RAW DATA:
★ ★ ★ ★ ★

lemma ordered_union_uf_image_oprod:
  assumes sp: "strongly_productive p" and ou: "ordered_uniqueness x" and Fx: "FP x \<in> p"
  shows "ordered_union_uf {B. B \<subseteq> FinSets \<and> oprod x ` B \<in> p}" (is "ordered_union_uf ?q")
proof -
  have uf: "ultrafilter_on UNIV p" using sp by (simp add: strongly_productive_def)
  have inj: "inj_on (oprod x) FinSets" using ou by (simp add: ordered_uniqueness_def)
  have "ultrafilter_on FinSets ?q"
    unfolding ultrafilter_on_def
  proof (intro conjI allI impI)
    show "?q \<subseteq> Pow FinSets" "FinSets \<in> ?q" "{} \<notin> ?q"
      using Fx uf by (auto simp: FP_def ultrafilter_on_def)
  next
    fix A B assume "A \<in> ?q \<and> A \<subseteq> B \<and> B \<subseteq> FinSets"
    then show "B \<in> ?q" using ultrafilter_on_mono[OF uf] image_mono by (metis mem_Collect_eq subset_UNIV)
  next
    fix A B assume "A \<in> ?q \<and> B \<in> ?q"
    then show "A \<inter> B \<in> ?q" using ultrafilter_on_Int[OF uf] by (auto simp: inj_on_image_Int[OF inj])
  next
    fix B assume B: "B \<subseteq> FinSets"
    have "oprod x ` B \<in> p \<or> UNIV - oprod x ` B \<in> p" using uf by (simp add: ultrafilter_on_def)
    moreover have "(UNIV - oprod x ` B) \<inter> FP x = oprod x ` (FinSets - B)"
      using B by (auto simp: FP_def inj_on_image_set_diff[OF inj])
    ultimately show "B \<in> ?q \<or> FinSets - B \<in> ?q"
      using B ultrafilter_on_Int[OF uf _ Fx] by (metis Diff_subset mem_Collect_eq)
  qed
  moreover have "\<exists>z. block_seq z \<and> FU z \<subseteq> B \<and> FU z \<in> ?q" if B: "B \<in> ?q" for B
  proof -
    obtain z where z: "block_seq z" "FP (\<lambda>n. oprod x (z n)) \<subseteq> oprod x ` B"
      "FP (\<lambda>n. oprod x (z n)) \<in> p"
      using strongly_productive_block_seq[OF sp ou Fx] B by blast
    have "FU z \<subseteq> B"
    proof
      fix a assume a: "a \<in> FU z"
      then have "oprod x a \<in> oprod x ` B" using z(2) unfolding FP_block_condense[OF z(1)] by blast
      then show "a \<in> B" using inj_on_image_mem_iff[OF inj] a FU_subset_FinSets[OF z(1)] B by blast
    qed
    then show ?thesis using z FU_subset_FinSets[OF z(1)] by (auto simp: FP_block_condense)
  qed
  ultimately show ?thesis unfolding ordered_union_uf_def by blast
qed

lemma mult_iso_OU_if_ordered_uniqueness:
  assumes sp: "strongly_productive p" and ou: "ordered_uniqueness x" and Fx: "FP x \<in> p"
  shows "mult_iso_OU p"
proof -
  have "inj_on (oprod x) FinSets" using ou by (simp add: ordered_uniqueness_def)
  moreover have "ultrafilter_on UNIV p" using sp by (simp add: strongly_productive_def)
  ultimately show ?thesis
    using ordered_union_uf_image_oprod[OF assms] preimages_oprod_eq[OF _ _ Fx]
    unfolding mult_iso_OU_def by metis
qed

section \<open>Sparseness\<close>

definition num_intervals :: "nat set \<Rightarrow> nat" where
  "num_intervals a = card {i\<in>a. Suc i \<notin> a}"

lemma num_intervals_Un:
  assumes "a \<in> FinSets" "c \<in> FinSets" "\<forall>u\<in>a. \<forall>v\<in>c. u < v"
  shows "num_intervals (a \<union> c) + (if Suc (Max a) = Min c then 1 else 0)
    = num_intervals a + num_intervals c"
proof -
  have fa: "finite a" "a \<noteq> {}" and fc: "finite c" "c \<noteq> {}" using assms by (auto simp: FinSets_def)
  have Ma: "Max a \<in> a" "\<And>i. i \<in> a \<Longrightarrow> i \<le> Max a" using fa by auto
  have Mc: "Min c \<in> c" "\<And>i. i \<in> c \<Longrightarrow> Min c \<le> i" using fc by auto
  have lt: "Max a < Min c" using assms(3) Ma Mc by blast
  have touch: "Suc i \<in> c \<longleftrightarrow> i = Max a \<and> Suc (Max a) = Min c" if i: "i \<in> a" for i
  proof
    assume "Suc i \<in> c"
    then have "Max a < Suc i" "Min c \<le> Suc i" using assms(3) Ma Mc by blast+
    then show "i = Max a \<and> Suc (Max a) = Min c" using Ma i lt by force
  qed (use Mc in simp)
  have "i \<in> c \<Longrightarrow> Suc i \<notin> a" for i using assms(3) by (meson less_SucI less_asym)
  with touch have eq: "{i\<in>a \<union> c. Suc i \<notin> a \<union> c}
      = ({i\<in>a. Suc i \<notin> a} - (if Suc (Max a) = Min c then {Max a} else {})) \<union> {i\<in>c. Suc i \<notin> c}"
    by auto
  have Ra: "Max a \<in> {i\<in>a. Suc i \<notin> a}" using Ma(1) Ma(2)[of "Suc (Max a)"] by auto
  have "card {i\<in>a. Suc i \<notin> a} > 0"
    using fa(1) Ra by (intro card_gt_0_iff[THEN iffD2]) auto
  then show ?thesis
    unfolding num_intervals_def eq using fa fc assms(3) card_Diff_singleton[OF Ra]
    by (subst card_Un_disjoint) auto
qed

lemma block_in_FU: "b n \<in> FU b"
  unfolding FU_def by (rule image_eqI[of _ _ "{n}"]) auto

lemma block_pair_in_FU: "b n \<union> b m \<in> FU b"
  unfolding FU_def by (rule image_eqI[of _ _ "{n, m}"]) (auto simp: FinSets_def)
(* Let $p$ be a prime, $0<\alpha\le 1$, and let $S\subseteq\mathbb{Z}_p$ be such that for any distinct $x_1,x_2,y_1,y_2,z_1,z_2\in S$, $$\det\begin{pmatrix}x_1-y_1 & x_2-y_2\\ y_1-z_1 & y_2-z_2\end{pmatrix}\neq 0 \quad\text{in } \mathbb{Z}_p.$$ Then $$\mathcal{C}^{\mathrm{bsgs}}_\alpha(S)>(\alpha|S|/\sqrt3)^{2/3}.$$
   Context: For $L\subseteq\mathbb{Z}_p^2$ and $C\subseteq\mathbb{Z}_p$, $I(L,C)=\{x\in\mathbb{Z}_p\mid \exists (a,b)\in L,\ c\in C \text{ with } a\neq0 \text{ and } ax+b=c\}$. The baby-step giant-step $\alpha$-complexity $\mathcal{C}^{\mathrm{bsgs}}_\alpha(S)$ of $S\subseteq\mathbb{Z}_p$ is the smallest integer $m$ such that there exist $L\subseteq\mathbb{Z}_p^2$ and $C\subseteq\mathbb{Z}_p$ with $|L|=|C|=m$ and $|I(L,C)\cap S|\geq\alpha|S|$. *)

theory Defs
  imports Complex_Main "HOL-Computational_Algebra.Primes"
begin

text \<open>Z_p is represented by the residues {0..<p} of int; arithmetic is taken mod p.\<close>

definition Zp :: "int \<Rightarrow> int set" where
  "Zp p = {0..<p}"

definition I_set :: "int \<Rightarrow> (int \<times> int) set \<Rightarrow> int set \<Rightarrow> int set" where
  "I_set p L C = {x \<in> Zp p. \<exists>a b c. (a, b) \<in> L \<and> c \<in> C \<and> a mod p \<noteq> 0 \<and>
                                  (a * x + b) mod p = c mod p}"

definition bsgs_complexity :: "int \<Rightarrow> real \<Rightarrow> int set \<Rightarrow> nat" where
  "bsgs_complexity p \<alpha> S = (LEAST m. \<exists>L C. L \<subseteq> Zp p \<times> Zp p \<and> C \<subseteq> Zp p \<and>
       card L = m \<and> card C = m \<and> real (card (I_set p L C \<inter> S)) \<ge> \<alpha> * real (card S))"

end

theory Submission
  imports Defs "HOL-Number_Theory.Cong" "HOL-Analysis.Convex"
begin
text \<open>Given p, q, r and m = max (d p r) (d r q), the
  point r alone is an m-net of the rectangle spanned by the coordinates of p, q, r, so its
  packing number is at most one and p, q cannot be m-far apart.\<close>
lemma ultrametric_of_counts:
  assumes sup_eq: "\<And>p q. p \<in> X \<times> Y \<Longrightarrow> q \<in> X \<times> Y \<Longrightarrow> d p q = sup_dist dX dY p q"
    and cov_eq_pack: "\<And>W Z \<epsilon>. finite W \<Longrightarrow> W \<subseteq> X \<Longrightarrow> finite Z \<Longrightarrow> Z \<subseteq> Y \<Longrightarrow> \<epsilon> > 0 \<Longrightarrow>
      covering_number (X \<times> Y) d \<epsilon> (W \<times> Z) = packing_number d \<epsilon> (W \<times> Z)"
  shows "ultrametric_on (X \<times> Y) d"
  unfolding ultrametric_on_def
proof (intro ballI)
  fix p q r assume pqr: "p \<in> X \<times> Y" "q \<in> X \<times> Y" "r \<in> X \<times> Y"
  define m where "m = max (d p r) (d r q)"
  define W where "W = {fst p, fst q, fst r}"
  define Z where "Z = {snd p, snd q, snd r}"
  show "d p q \<le> max (d p r) (d r q)"
  proof (cases "m = 0")
    case True
    then have "d p r \<le> 0" "d r q \<le> 0" unfolding m_def by auto
    then have "p = r" "r = q"
      using pqr P.nonneg[of p r] P.nonneg[of r q] P.zero by (meson order_antisym)+
    then show ?thesis using pqr by simp
  next
    case False
    then have "m > 0" using P.nonneg[of p r] unfolding m_def by linarith
    have WZ: "finite (W \<times> Z)" "W \<times> Z \<subseteq> X \<times> Y" "p \<in> W \<times> Z" "q \<in> W \<times> Z" "r \<in> W \<times> Z"
      using pqr unfolding W_def Z_def by (auto simp: mem_Times_iff)
    have "d v r \<le> m" if "v \<in> W \<times> Z" for v
      using that pqr sup_eq[of v r] sup_eq[of p r] sup_eq[of r q] X.commute Y.commute WZ(2)
      unfolding W_def Z_def m_def sup_dist_def by (auto simp: mem_Times_iff le_max_iff_disj)
    then have "is_eps_net (X \<times> Y) d m {r} (W \<times> Z)"
      using WZ(2,5) P.commute unfolding is_eps_net_def by fastforce
    then have "covering_number (X \<times> Y) d m (W \<times> Z) \<le> 1"
      using covering_number_le[of "{r}" "W \<times> Z"] WZ(5) by simp
    moreover have "covering_number (X \<times> Y) d m (W \<times> Z) = packing_number d m (W \<times> Z)"
      by (rule cov_eq_pack) (use pqr \<open>m > 0\<close> in \<open>auto simp: W_def Z_def\<close>)
    ultimately have "packing_number d m (W \<times> Z) \<le> 1" by simp
    show ?thesis
    proof (rule ccontr)
      assume far: "\<not> d p q \<le> max (d p r) (d r q)"
      then have "p \<noteq> q" using pqr by (auto simp: le_max_iff_disj)
      have "m < d p q" "m < d q p" using far P.commute[of q p] unfolding m_def by auto
      then have "2 \<le> packing_number d m (W \<times> Z)"
        by (rule two_le_packing_number[OF WZ(1,3,4) \<open>p \<noteq> q\<close>])
      then show False using \<open>packing_number d m (W \<times> Z) \<le> 1\<close> by simp
    qed
  qed
qed

end

theorem proposition4p4:
  fixes X :: "'a set" and dX :: "'a \<Rightarrow> 'a \<Rightarrow> real"
    and Y :: "'b set" and dY :: "'b \<Rightarrow> 'b \<Rightarrow> real"
    and d :: "'a \<times> 'b \<Rightarrow> 'a \<times> 'b \<Rightarrow> real"
  assumes "Metric_space X dX" and "Metric_space Y dY" and "Metric_space (X \<times> Y) d"
    and "partial_distance_preserving X dX Y dY d"
    and "\<forall>p\<in>X \<times> Y. \<forall>q\<in>X \<times> Y. sup_dist dX dY p q \<le> d p q"
  shows "ultrametric_on (X \<times> Y) d \<longleftrightarrow>
    (\<forall>W Z \<epsilon>. compactin (Metric_space.mtopology X dX) W \<and>
              compactin (Metric_space.mtopology Y dY) Z \<and> \<epsilon> > 0 \<longrightarrow>
       covering_number (X \<times> Y) d \<epsilon> (W \<times> Z) = packing_number d \<epsilon> (W \<times> Z) \<and>
       packing_number d \<epsilon> (W \<times> Z) = packing_number dX \<epsilon> W * packing_number dY \<epsilon> Z)"
    (is "_ \<longleftrightarrow> (\<forall>W Z \<epsilon>. ?compact W Z \<epsilon> \<longrightarrow> ?counts W Z \<epsilon>)")
proof -
  interpret dominated_product X dX Y dY d
    using assms by (simp add: dominated_product_def dominated_product_axioms_def)
  have finite_compact: "?compact W Z \<epsilon>"
    if "finite W" "W \<subseteq> X" "finite Z" "Z \<subseteq> Y" "\<epsilon> > 0" for W Z \<epsilon>
    using that by (auto intro!: finite_imp_compactin)
  show ?thesis
  proof
    assume "\<forall>W Z \<epsilon>. ?compact W Z \<epsilon> \<longrightarrow> ?counts W Z \<epsilon>"
    then have counts: "?counts W Z \<epsilon>"
      if "finite W" "W \<subseteq> X" "finite Z" "Z \<subseteq> Y" "\<epsilon> > 0" for W Z \<epsilon>
      using finite_compact[OF that] by blast
    have "d p q = sup_dist dX dY p q" if "p \<in> X \<times> Y" "q \<in> X \<times> Y" for p q
      using dist_le_sup_dist[OF _ that] sup_dist_le[OF that] counts by (meson order_antisym)
    then show "ultrametric_on (X \<times> Y) d"
      using ultrametric_of_counts counts by blast
  qed (use counts_of_ultrametric in blast)
qed

end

★ ★ ★ ★ ★

ASSIGNED TASK: Reproducing the whole listing above is not the task. Copy exactly only the lines from the one with "real \<Rightarrow> int" to the one with "C \<subseteq> Zp p \<and>", both kept.

WRITTEN ANSWER:
definition bsgs_complexity :: "int \<Rightarrow> real \<Rightarrow> int set \<Rightarrow> nat" where
  "bsgs_complexity p \<alpha> S = (LEAST m. \<exists>L C. L \<subseteq> Zp p \<times> Zp p \<and> C \<subseteq> Zp p \<and>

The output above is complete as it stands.